Figure 6: Recognised sites aggregated by transcription factotrs (Txxxx) for AliBaba2 (spec=75) and MatInspector (matsim=90). 
To illustrate the function of the presented algorithms Fig. 7 shows how many pairwise alignments of known sites and the promoter are found in phase 1 and how many segments finally result from phase 2 when examining the three exon3 sequences with minpromsim=85% and spec=77%. Fig. 8. shows an example output of the Sp1 binding site between TATA box and transcription start of the chicken actin alpha cardiac (M10607).

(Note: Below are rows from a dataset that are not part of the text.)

(* If $G$ is a graph with a min-max clique covering satisfying simple intersection, then its compressed cliques graph $\mathcal{C}(G)$ does not contain a suspended cycle.
   Context: A clique covering of a graph is a set of cliques such that every edge lies in at least one of them; $\operatorname{cc}(G)$ is its minimum size. A min-max clique covering is a clique covering of size $\operatorname{cc}(G)$ consisting of maximal cliques; it has simple intersection if no three distinct cliques of it share a vertex. Given such a covering $\{C_1,\dots,C_\ell\}$, put $C_{i,j}=C_i\cap C_j$ ($i\ne j$) and $C_{i,i}=C_i\setminus\bigcup_{j\ne i}C_j$; the compressed cliques graph $\mathcal{C}(G)$ has a vertex $v_{i,j}$ for each non-empty $C_{i,j}$ (including $i=j$), with $v_{i,j}\sim v_{i',j'}$ iff $\{i,j\}\cap\{i',j'\}\ne\emptyset$. A cycle $u_1u_2\cdots u_tu_1$ in a graph $X$ is suspended if exactly one of $u_1,\dots,u_t$ has degree larger than two in $X$ and all the others have degree two in $X$. *)

theory Defs
  imports Main
begin

definition sgraph :: "'a set \<Rightarrow> ('a \<Rightarrow> 'a \<Rightarrow> bool) \<Rightarrow> bool" where
  "sgraph V E \<longleftrightarrow> finite V \<and> (\<forall>x y. E x y \<longrightarrow> x \<in> V \<and> y \<in> V)
     \<and> (\<forall>x y. E x y \<longrightarrow> E y x) \<and> (\<forall>x. \<not> E x x)"

definition clique :: "'a set \<Rightarrow> ('a \<Rightarrow> 'a \<Rightarrow> bool) \<Rightarrow> 'a set \<Rightarrow> bool" where
  "clique V E C \<longleftrightarrow> C \<subseteq> V \<and> (\<forall>x\<in>C. \<forall>y\<in>C. x \<noteq> y \<longrightarrow> E x y)"

definition maximal_clique :: "'a set \<Rightarrow> ('a \<Rightarrow> 'a \<Rightarrow> bool) \<Rightarrow> 'a set \<Rightarrow> bool" where
  "maximal_clique V E C \<longleftrightarrow> clique V E C \<and> (\<forall>D. clique V E D \<and> C \<subseteq> D \<longrightarrow> D = C)"

definition clique_covering :: "'a set \<Rightarrow> ('a \<Rightarrow> 'a \<Rightarrow> bool) \<Rightarrow> 'a set set \<Rightarrow> bool" where
  "clique_covering V E \<C> \<longleftrightarrow> finite \<C> \<and> (\<forall>C\<in>\<C>. clique V E C)
     \<and> (\<forall>x y. E x y \<longrightarrow> (\<exists>C\<in>\<C>. x \<in> C \<and> y \<in> C))"

definition cc :: "'a set \<Rightarrow> ('a \<Rightarrow> 'a \<Rightarrow> bool) \<Rightarrow> nat" where
  "cc V E = (LEAST k. \<exists>\<C>. clique_covering V E \<C> \<and> card \<C> = k)"

definition min_max_clique_covering :: "'a set \<Rightarrow> ('a \<Rightarrow> 'a \<Rightarrow> bool) \<Rightarrow> 'a set set \<Rightarrow> bool" where
  "min_max_clique_covering V E \<C> \<longleftrightarrow> clique_covering V E \<C> \<and> card \<C> = cc V E
     \<and> (\<forall>C\<in>\<C>. maximal_clique V E C)"

definition simple_intersection :: "'a set set \<Rightarrow> bool" where
  "simple_intersection \<C> \<longleftrightarrow> (\<forall>C1\<in>\<C>. \<forall>C2\<in>\<C>. \<forall>C3\<in>\<C>.
     C1 \<noteq> C2 \<and> C1 \<noteq> C3 \<and> C2 \<noteq> C3 \<longrightarrow> C1 \<inter> C2 \<inter> C3 = {})"

text \<open>Vertices of the compressed cliques graph are index sets S = {C_i} (for C_{i,i})
  or S = {C_i, C_j}, i \<noteq> j (for C_{i,j} = C_{j,i}).\<close>
definition cpart :: "'a set set \<Rightarrow> 'a set set \<Rightarrow> 'a set" where
  "cpart \<C> S = (if card S = 1 then \<Inter>S - \<Union>(\<C> - S) else \<Inter>S)"

definition compressed_V :: "'a set set \<Rightarrow> 'a set set set" where
  "compressed_V \<C> = {S. S \<subseteq> \<C> \<and> (card S = 1 \<or> card S = 2) \<and> cpart \<C> S \<noteq> {}}"

definition compressed_E :: "'a set set \<Rightarrow> 'a set set \<Rightarrow> 'a set set \<Rightarrow> bool" where
  "compressed_E \<C> S T \<longleftrightarrow> S \<in> compressed_V \<C> \<and> T \<in> compressed_V \<C> \<and> S \<noteq> T \<and> S \<inter> T \<noteq> {}"

definition degree :: "'b set \<Rightarrow> ('b \<Rightarrow> 'b \<Rightarrow> bool) \<Rightarrow> 'b \<Rightarrow> nat" where
  "degree V E v = card {u\<in>V. E v u}"

definition suspended_cycle :: "'b set \<Rightarrow> ('b \<Rightarrow> 'b \<Rightarrow> bool) \<Rightarrow> 'b list \<Rightarrow> bool" where
  "suspended_cycle V E us \<longleftrightarrow> length us \<ge> 3 \<and> distinct us \<and> set us \<subseteq> V
     \<and> (\<forall>i < length us. E (us ! i) (us ! ((i + 1) mod length us)))
     \<and> (\<exists>k < length us. degree V E (us ! k) > 2
          \<and> (\<forall>i < length us. i \<noteq> k \<longrightarrow> degree V E (us ! i) = 2))"

end

theory Submission
  imports Defs
begin

text \<open>Let H be the hub of a suspended cycle, A and B its neighbours on the cycle, and A', B'
  the next cycle vertices. Maximality makes the cliques an antichain, so every compressed
  vertex \<open>{i, j}\<close> has a neighbour containing j but not i. Hence A is no singleton \<open>{i}\<close>:
  otherwise \<open>A' = {i, j}\<close> would be adjacent to \<open>{i}\<close>, H and such a vertex. So \<open>A = {a, y}\<close>
  with \<open>a \<in> H\<close>, the neighbour of A avoiding a can only be A', and A, H are the only
  compressed vertices containing a. Symmetrically B yields c. Then \<open>H = {a, c}\<close>, every
  neighbour of H contains a or c, and so H has degree at most two.\<close>

definition compressed_nbrs :: "'a set set \<Rightarrow> 'a set set \<Rightarrow> 'a set set set" where
  "compressed_nbrs \<C> S = {T \<in> compressed_V \<C>. T \<noteq> S \<and> T \<inter> S \<noteq> {}}"

lemma compressed_V_cases:
  assumes "S \<in> compressed_V \<C>"
  obtains i where "S = {i}" "i \<in> \<C>"
  | i j where "S = {i, j}" "i \<noteq> j" "i \<in> \<C>" "j \<in> \<C>"
  using assms unfolding compressed_V_def by (auto simp: card_1_singleton_iff card_2_iff)

lemma compressed_V_eq_doubleton:
  assumes "S \<in> compressed_V \<C>" "a \<in> S" "b \<in> S" "a \<noteq> b"
  shows "S = {a, b}"
  using assms(1) by (cases rule: compressed_V_cases) (use assms(2-) in auto)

For the constructed alignment, the drop in specificity, caused by the increasing support, is shown in Fig. 9. The sudden increase in specificity at support of 3 is caused by taking the promoter out of the matrix what happens automatically (see algorithm). This leads to an increased specificity as column 8 of the matrix is different from the promoter. In the above algorithms we compensate this by applying the distance measure on the promoter and the matrix.
Figure 7: Number of pairwise alignments vs. finally predicted segments in exon3 sequences. 
Figure 8: Example output of an alignment supporting a potential Sp1 site of an actin alpha cardiac promoter close to transcription start. Promoter and matrix differ at one conserved position. 
Figure 9: Specificity vs. support when constructing the above Sp1 alignment. At support of thtree the promoter is taken out of specificity (see algorithm). 
We have shown a new approach for the prediction of transcription factor binding sites. Our approach is the first which sees the prediction of binding sites as a process starting directly at the known binding sites and producing context specific matrices. Therefore, our approach resembles much more a real search engine than previous approaches. From the bioinformatics perspective, AliBaba2 unifies two general approaches, general local alignment search tools and the use of matrices as expert generated models for binding site prediction. From a theoretical point of view, our approach is supported by the central idea of Berg and von Hippel. We aim at constructing highly specific context dependent matrices for the sequence we are analysing. Previous approaches use predefined matrices for a general case which is why they loose important specificity. We developed the necessary algorithms implementing the idea and could show the feasibility of the general idea. Our method has been tested on a special data set created for comparing it to MatInspector as a well known program using predefined matrices. Our specifically constructed matrices not only match the quality of the manually constructed ones, they exceed them significantly when measuring the number of recognised binding sites. Future work will include more detailed comparisons and a refining of the shown algorithms. An obvious extension of the shown approach will be the iterative refining of predictions by using the constructed matrices.